Une fois le modèle jugé suffisamment robuste et fiable, son déploiement en production va pouvoir commencer. Cette étape n'est plus à proprement parler de la datascience et pourra être effectué par les équipes IT/d'ingénierie logicielle pour industrialiser la solution et l'intégrer dans l'infrastructure existante de l'entreprise.
Concernant l'aspect technique de la mise en production il faudra se reposer la question des technologies utilisée pour déployer l'application (quel langage, quelle technologie, open source ou pas, infrastructure cloud ou pas, privée ou publique…) par rapport à la phase de prototypage.
La première étape sur le chemin de déploiement du modèle sera de préparer et configurer les pipelines de données. Afin d'assurer une mise à l'échelle correcte il faut s'assurer que les pipelines de données sont structurés efficacement et sont capables de fournir des données pertinentes et de haute qualité. Comme dit précédemment avoir anticipé ce genre de problématiques dans les étapes en amont du processus accélèrera ce processus.
Dans un deuxième temps, une fois dans un environnent de production, il faudra continuellement alimenter le modèle en nouvelles données. Ces données devront être les meilleures possibles afin que le modèle continue d'être actualisé pour rester pertinent et leurs sources les plus diverses possible, par rapport aux étapes de prototypage du modèle.
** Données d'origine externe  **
definition Ltilde :: "cfun \<times> cfun \<Rightarrow> cfun \<times> cfun" where
  "Ltilde q = (let q1 = fst q; q2 = snd q in
     (\<lambda>y. - complex_of_real y * Dn 1 q1 y + q2 y - q1 (-1),
      \<lambda>y. Dn 2 q1 y - q2 y - complex_of_real y * Dn 1 q2 y))"

definition ip0 :: "cfun \<times> cfun \<Rightarrow> cfun \<times> cfun \<Rightarrow> complex" where
  "ip0 q p = integral {-1..1} (\<lambda>y. Dn 1 (fst q) y * cnj (Dn 1 (fst p) y))
           + integral {-1..1} (\<lambda>y. snd q y * cnj (snd p y))
           + fst q (-1) * cnj (fst p (-1))"

definition ipk :: "nat \<Rightarrow> cfun \<times> cfun \<Rightarrow> cfun \<times> cfun \<Rightarrow> complex" where
  "ipk k q p = (if k = 0 then ip0 q p else
       integral {-1..1} (\<lambda>y. Dn (k+1) (fst q) y * cnj (Dn (k+1) (fst p) y))
     + integral {-1..1} (\<lambda>y. Dn k (snd q) y * cnj (Dn k (snd p) y))
     + ip0 q p)"

definition normk_sq :: "nat \<Rightarrow> cfun \<times> cfun \<Rightarrow> real" where
  "normk_sq k q = Re (ipk k q q)"

end

theory Submission
  imports Defs
begin

(* With u = q1^(j+1) and v = q2^(j), differentiating shows that the level-j components of
   L~q are  -y u' - (j+1) u + v'  and  u' - (j+1) v - y v'.  Integrating the transport term
   y d/dy by parts, the top-order part of 2 Re <L~q, q>_j + |q|_j^2 equals
   -2j (|u|^2 + |v|^2) - |u(1) - v(1)|^2 - |u(-1) + v(-1)|^2 <= 0.
   At level 0 the constant -q1(-1) in the first component of L~q meets the boundary term
   q1(-1) conj (q1(-1)) of <.,.>_0, and the two boundary contributions at -1 combine into
   -|u(-1) + v(-1) - q1(-1)|^2. *)

declare Dn.simps(2) [simp del]

lemma Cn_has_vector_derivative:
  "Cn n f \<Longrightarrow> j < n \<Longrightarrow> x \<in> {-1..1} \<Longrightarrow>
    (Dn j f has_vector_derivative Dn (Suc j) f x) (at x within {-1..1})"
  unfolding Cn_def by blast

lemma Cn_continuous_on: "Cn n f \<Longrightarrow> j \<le> n \<Longrightarrow> continuous_on {-1..1} (Dn j f)"
  unfolding Cn_def by blast

lemma Cn_mono: "Cn n f \<Longrightarrow> m \<le> n \<Longrightarrow> Cn m f"
  unfolding Cn_def by auto

lemma Dn_eq_derivative_chain:
  assumes F0: "\<forall>x\<in>{-1..1}. F 0 x = f x"
    and FD: "\<forall>j<n. \<forall>x\<in>{-1..1}. (F j has_vector_derivative F (Suc j) x) (at x within {-1..1})"
    and "j \<le> n" "x \<in> {-1..1}"
  shows "Dn j f x = F j x"
  using assms(3,4)
proof (induction j arbitrary: x)
  case 0
  then show ?case using F0 by simp
next
  case (Suc j)
  have "(Dn j f has_vector_derivative F (Suc j) x) (at x within {-1..1})"
    by (rule has_vector_derivative_transform[OF Suc.prems(2) _ FD[rule_format]])
      (use Suc in auto)
  then show ?case
    using vector_derivative_within_closed_interval[of "-1" 1 x "Dn j f"] Suc.prems
    by (simp add: Dn.simps(2))
qed

lemma Dn_fst_Ltilde:
  assumes q1: "Cn (n+1) q1" and q2: "Cn n q2" and j: "1 \<le> j" "j \<le> n" and x: "x \<in> {-1..1}"
  shows "Dn j (fst (Ltilde (q1, q2))) x
    = - of_real x * Dn (j+1) q1 x - of_nat j * Dn j q1 x + Dn j q2 x"
proof -
  define F where "F i = (case i of 0 \<Rightarrow> fst (Ltilde (q1, q2)) | Suc _ \<Rightarrow>
    (\<lambda>y. - of_real y * Dn (i+1) q1 y - of_nat i * Dn i q1 y + Dn i q2 y))" for i
  have "(F i has_vector_derivative F (Suc i) y) (at y within {-1..1})"
    if "i < n" "y \<in> {-1..1}" for i y
  proof (cases i)
    case 0
    have "(Dn 1 q1 has_vector_derivative Dn 2 q1 y) (at y within {-1..1})"
      using Cn_has_vector_derivative[OF q1, of 1 y] that 0 by (simp add: numeral_2_eq_2)
    moreover have "(q2 has_vector_derivative Dn 1 q2 y) (at y within {-1..1})"
      using Cn_has_vector_derivative[OF q2, of 0 y] that 0 by simp
    ultimately show ?thesis
      unfolding F_def 0 Ltilde_def
      by (auto intro!: derivative_eq_intros simp: algebra_simps numeral_2_eq_2)
  next
    case (Suc i')
    show ?thesis
      unfolding F_def Suc
      using that Suc
      by (auto intro!: derivative_eq_intros Cn_has_vector_derivative[OF q1]
          Cn_has_vector_derivative[OF q2] simp: algebra_simps)
  qed
  then have "Dn j (fst (Ltilde (q1, q2))) x = F j x"
    by (intro Dn_eq_derivative_chain[of F _ n] j x) (simp_all add: F_def)
  then show ?thesis
    using j by (simp add: F_def split: nat.split)
qed

lemma Dn_snd_Ltilde:
  assumes q1: "Cn (n+2) q1" and q2: "Cn (n+1) q2" and j: "j \<le> n" and x: "x \<in> {-1..1}"
  shows "Dn j (snd (Ltilde (q1, q2))) x
    = Dn (j+2) q1 x - of_nat (j+1) * Dn j q2 x - of_real x * Dn (j+1) q2 x"
proof -
  define G where "G i y = Dn (i+2) q1 y - of_nat (i+1) * Dn i q2 y - of_real y * Dn (i+1) q2 y"
    for i y
  have "(G i has_vector_derivative G (Suc i) y) (at y within {-1..1})"
    if "i < n" "y \<in> {-1..1}" for i y
    unfolding G_def
    using that
    by (auto intro!: derivative_eq_intros Cn_has_vector_derivative[OF q1] Cn_has_vector_derivative[OF q2]
        simp: algebra_simps)
  then have "Dn j (snd (Ltilde (q1, q2))) x = G j x"
    by (intro Dn_eq_derivative_chain[of G _ n] j x)
      (simp_all add: G_def Ltilde_def numeral_2_eq_2 Dn.simps(2))
  then show ?thesis
    by (simp add: G_def)
qed

definition L2ip :: "cfun \<Rightarrow> cfun \<Rightarrow> complex" where
  "L2ip f g = integral {-1..1} (\<lambda>y. f y * cnj (g y))"
lemma interim_limit_Suc_le:
  fixes X :: "nat \<Rightarrow> real \<Rightarrow> real" and Plim :: "nat \<Rightarrow> real"
  assumes p: "0 < p" "p < 1" and mu: "0 \<le> mu" "mu \<le> 1" and g: "0 < g" "g < 1"
    and sol: "\<And>K. 1 \<le> K \<Longrightarrow> K \<le> M - 1 \<Longrightarrow> mean_dyn_solution M p mu g 1 K (X K)"
    and lim: "\<And>K. 1 \<le> K \<Longrightarrow> K \<le> M - 1 \<Longrightarrow> (X K \<longlongrightarrow> Plim K) at_top"
    and L: "1 \<le> L" "L + 1 < M" and same_regime: "2 * L < M \<longleftrightarrow> 2 * (L + 1) < M"
  shows "Plim (L + 1) \<le> Plim L"
proof -
  define s where "s = (if 2 * L < M then 1 - mu else mu)"
  interpret click_model "p * s" "p * (1 - s)" "(1 - p) * s" g M
    by (rule click_model_signal_coeffs) (use p mu g in \<open>auto simp: s_def\<close>)
  have "mean_dyn_solution M p mu g 1 K Y \<longleftrightarrow> mean_dynamics K Y"
    if "2 * K < M \<longleftrightarrow> 2 * L < M" for K Y
    unfolding mean_dyn_solution_def mean_dynamics_def theta_alpha_one
    by (simp only: that s_def[symmetric] Let_def)
  then have "mean_dynamics L (X L)" "mean_dynamics (L + 1) (X (L + 1))"
    using sol[of L] sol[of "L + 1"] L same_regime by auto
  with lim[of L] lim[of "L + 1"] L show ?thesis
    by (auto intro: mean_dynamics_limit_Suc_le)
qed

theorem proposition1:
  fixes M :: nat and p q mu gamma :: real
    and X :: "nat \<Rightarrow> real \<Rightarrow> real" and Plim :: "nat \<Rightarrow> real"
  assumes M3: "M \<ge> 3" and Modd: "odd M"
    and p: "1/2 < p" "p < 1"
    and q: "1/2 < q" "q < 1"
    and mu: "1/2 < mu" "mu \<le> 1"
    and muq: "mu * q > p"
    and gamma: "0 < gamma" "gamma < 1"
    and sol: "\<And>L. 1 \<le> L \<Longrightarrow> L \<le> M - 1 \<Longrightarrow> mean_dyn_solution M p mu gamma 1 L (X L)"
    and lim: "\<And>L. 1 \<le> L \<Longrightarrow> L \<le> M - 1 \<Longrightarrow> ((X L) \<longlongrightarrow> Plim L) at_top"
    and j: "1 \<le> j" "j \<le> M - 2" "2 * j \<noteq> M - 1"
  shows "interim_eff M Plim (j + 1) \<le> interim_eff M Plim j
         \<and> 1 - interim_eff M Plim (M - (j + 1)) \<le> 1 - interim_eff M Plim (M - j)"
proof -
  have p': "0 < p" "p < 1" and mu': "0 \<le> mu" "mu \<le> 1" using p mu by auto
  define k where "k = M - (j + 1)"
  have k: "1 \<le> k" "k + 1 < M" "M - j = k + 1" and j': "j + 1 < M"
    using j M3 by (auto simp: k_def)
  \<comment> \<open>Oddness of \<open>M\<close> and \<open>2 j \<noteq> M - 1\<close> keep \<open>j, j + 1\<close> and \<open>k, k + 1\<close> in one regime.\<close>
  have "2 * j < M \<longleftrightarrow> 2 * (j + 1) < M" "2 * k < M \<longleftrightarrow> 2 * (k + 1) < M"
    using j M3 Modd unfolding k_def by presburger+
  then have "Plim (j + 1) \<le> Plim j" "Plim (k + 1) \<le> Plim k"
    using interim_limit_Suc_le[OF p' mu' gamma sol lim] j(1) j' k(1,2) by blast+
  then show ?thesis
    unfolding k(3) k_def[symmetric] interim_eff_def using j(1) j' k by simp
qed

end
lemma lambda_bounded_near:
  assumes "0 < s" "s < T" "f_integral n f (u s) \<noteq> 0"
  obtains \<rho> L where "0 < \<rho>" "0 < s - \<rho>" "s + \<rho> < T"
    "\<And>t. \<bar>t - s\<bar> < \<rho> \<Longrightarrow> \<bar>lambda_coef n f (u t)\<bar> \<le> L"
proof -
  define t' where "t' = (s + T) / 2"
  define F0 where "F0 = \<bar>f_integral n f (u s)\<bar>"
  have t': "s < t'" "t' < T" and F0: "0 < F0"
    using assms by (auto simp: t'_def F0_def)
  obtain E where E: "\<And>t. t \<in> {0..t'} \<Longrightarrow> energy n (u t) \<le> E"
    using energy_bounded[OF t'(2)] by blast
  obtain d where d: "0 < d" "\<And>t. t \<in> {0..t'} \<Longrightarrow> dist t s < d \<Longrightarrow>
      dist (f_integral n f (u t)) (f_integral n f (u s)) < F0 / 2"
    using f_integral_continuous[OF t'(2)] F0 assms(1) t'(1)
    unfolding continuous_on_iff by (metis atLeastAtMost_iff half_gt_zero less_imp_le)
  define \<rho> where "\<rho> = min d (min (s / 2) (t' - s))"
  show thesis
  proof (rule that)
    show "0 < \<rho>" "0 < s - \<rho>" "s + \<rho> < T"
      using d(1) assms(1) t' by (auto simp: \<rho>_def)
    fix t assume "\<bar>t - s\<bar> < \<rho>"
    then have "\<bar>t - s\<bar> < d" "\<bar>t - s\<bar> < s / 2" "\<bar>t - s\<bar> < t' - s"
      by (simp_all add: \<rho>_def)
    then have t: "t \<in> {0..t'}" "dist t s < d"
      unfolding abs_less_iff dist_real_def by auto
    then have "t \<in> {0..<T}" using t' by auto
    have "F0 / 2 \<le> \<bar>f_integral n f (u t)\<bar>"
      using d(2)[OF t] abs_triangle_ineq2[of "f_integral n f (u s)" "f_integral n f (u t)"]
      by (simp add: F0_def dist_real_def abs_minus_commute)
    moreover have "0 \<le> energy n (u t)" "energy n (u t) \<le> E"
      using energy_nonneg[OF \<open>t \<in> {0..<T}\<close>] E[OF t(1)] by auto
    ultimately show "\<bar>lambda_coef n f (u t)\<bar> \<le> E * omega TYPE('a) / (F0 / 2)"
      using omega_pos[where 'a='a] F0 unfolding lambda_coef_eq abs_divide abs_mult
      by (intro frac_le mult_right_mono) auto
  qed
qed
(* The word \<omega> is built by induction on the number of targets.  Given a
   word W of the language that already realises the first targets at times
   n_1 < ... < n_m' \<le> |W|, choose a sequence \<omega>' of X along which P_k(\<omega>',n) comes
   \<epsilon>/2-close to the next target for some very large n, and use the specification
   property to glue W, a connector u with |u| \<le> j, and the prefix w of \<omega>' of
   length n + k into the word W u w of the language.  The old frequencies are not
   changed by appending, and prepending the bounded word W u to w perturbs the
   block frequencies at time |W u| + n by at most 2 |W u| / n in l^1 norm, which is
   below \<epsilon>/2 when n is large. *)

definition occurrences :: "nat list \<Rightarrow> nat list \<Rightarrow> nat \<Rightarrow> nat set" where
  "occurrences w b n = {i. i < n \<and> take (length b) (drop i w) = b}"

lemma freq_occurrences: "freq w b n = real (card (occurrences w b n)) / real n"
  by (simp add: freq_def occurrences_def)
(* Let $n$ be odd, $t\in\{n,2n\}$ and $\lambda$ a positive divisor of $t$. Then there exists a cellular biembedding of a pair of cyclic $3$-cycle decompositions of ${}^\lambda K_{(\frac{6n}{t}+1)\times\frac{t}{\lambda}}$ into an orientable surface.
   Context: $K_{q\times r}$ is the complete multipartite graph with $q$ parts each of size $r$, and ${}^\lambda\Gamma$ denotes the multigraph obtained from $\Gamma$ by repeating each edge $\lambda$ times; the vertex set is identified with $\mathbb{Z}_{qr}$ with parts the cosets of the subgroup of order $r$. A cyclic $3$-cycle decomposition is a set of $3$-cycles whose edge multisets partition the edge multiset and which is invariant under translation by $\mathbb{Z}_{qr}$. An embedding of a multigraph (topologized via a simple subdivision) into a surface is cellular if every face is homeomorphic to an open disc; a biembedding of two cycle decompositions $\mathcal D,\mathcal D'$ is a face $2$-colorable embedding in which one colour class consists of the cycles of $\mathcal D$ and the other of those of $\mathcal D'$. *)

theory Defs
  imports Main "HOL-Library.Multiset"
begin

text \<open>The multigraph lambda K_{q x r} on vertex set Z_{qr} = {0..<q*r}; the parts are the
cosets of the subgroup of order r, i.e. the residue classes mod q.  Darts (arcs) are triples
(x, y, i): an edge between x and y (in different parts) with parallel-edge label i < lambda,
traversed from x to y.  The edge {x,y}_i consists of the two darts (x,y,i) and (y,x,i).\<close>

definition mp_vertices :: "nat \<Rightarrow> nat \<Rightarrow> nat set" where
  "mp_vertices q r = {..<q*r}"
Comme toute application déployée en production des tests rigoureux devront être mis en place et automatisés pour s'assurer que toute nouvelle version réponde bien aux exigences initiales du projet et permettre une croissance contrôlée des pipelines et modèles de données. La conception de protocoles robustes de surveillance de provenance et de qualité des nouvelles données empêcheront une dérive du modèle mettant en danger sa cohérence et sa pertinence. Le but étant d'être en capacité d'intégrer et de livrer continuellement le produit.


Conclusion

Le développement d'un projet de Machine Learning est un processus cyclique, de la phase de prototypage à sa mise en production. Les modèles sont généralement entraînés avec des données, et la capacité prédictive est liée à la qualité des données. Au fur et à mesure que le temps passe l'inclusion de nouvelles données modifie l'environnement à partir duquel le modèle est entrainé et sa précision commence à chuter de façon concluante.
La clé de la réussite du projet est d'automatiser et de rationnaliser le processus au maximum du possible. Automatiser afin de réduire le temps de développement et de s'assurer de la qualité des données (cette partie étant particulièrement chronophage en début de projet). Rationaliser afin de pouvoir prendre de bonnes décision vis-à-vis de la validation et du suivi de l'évolution du modèle au cours du temps, avec l'appui des connaissances du métier.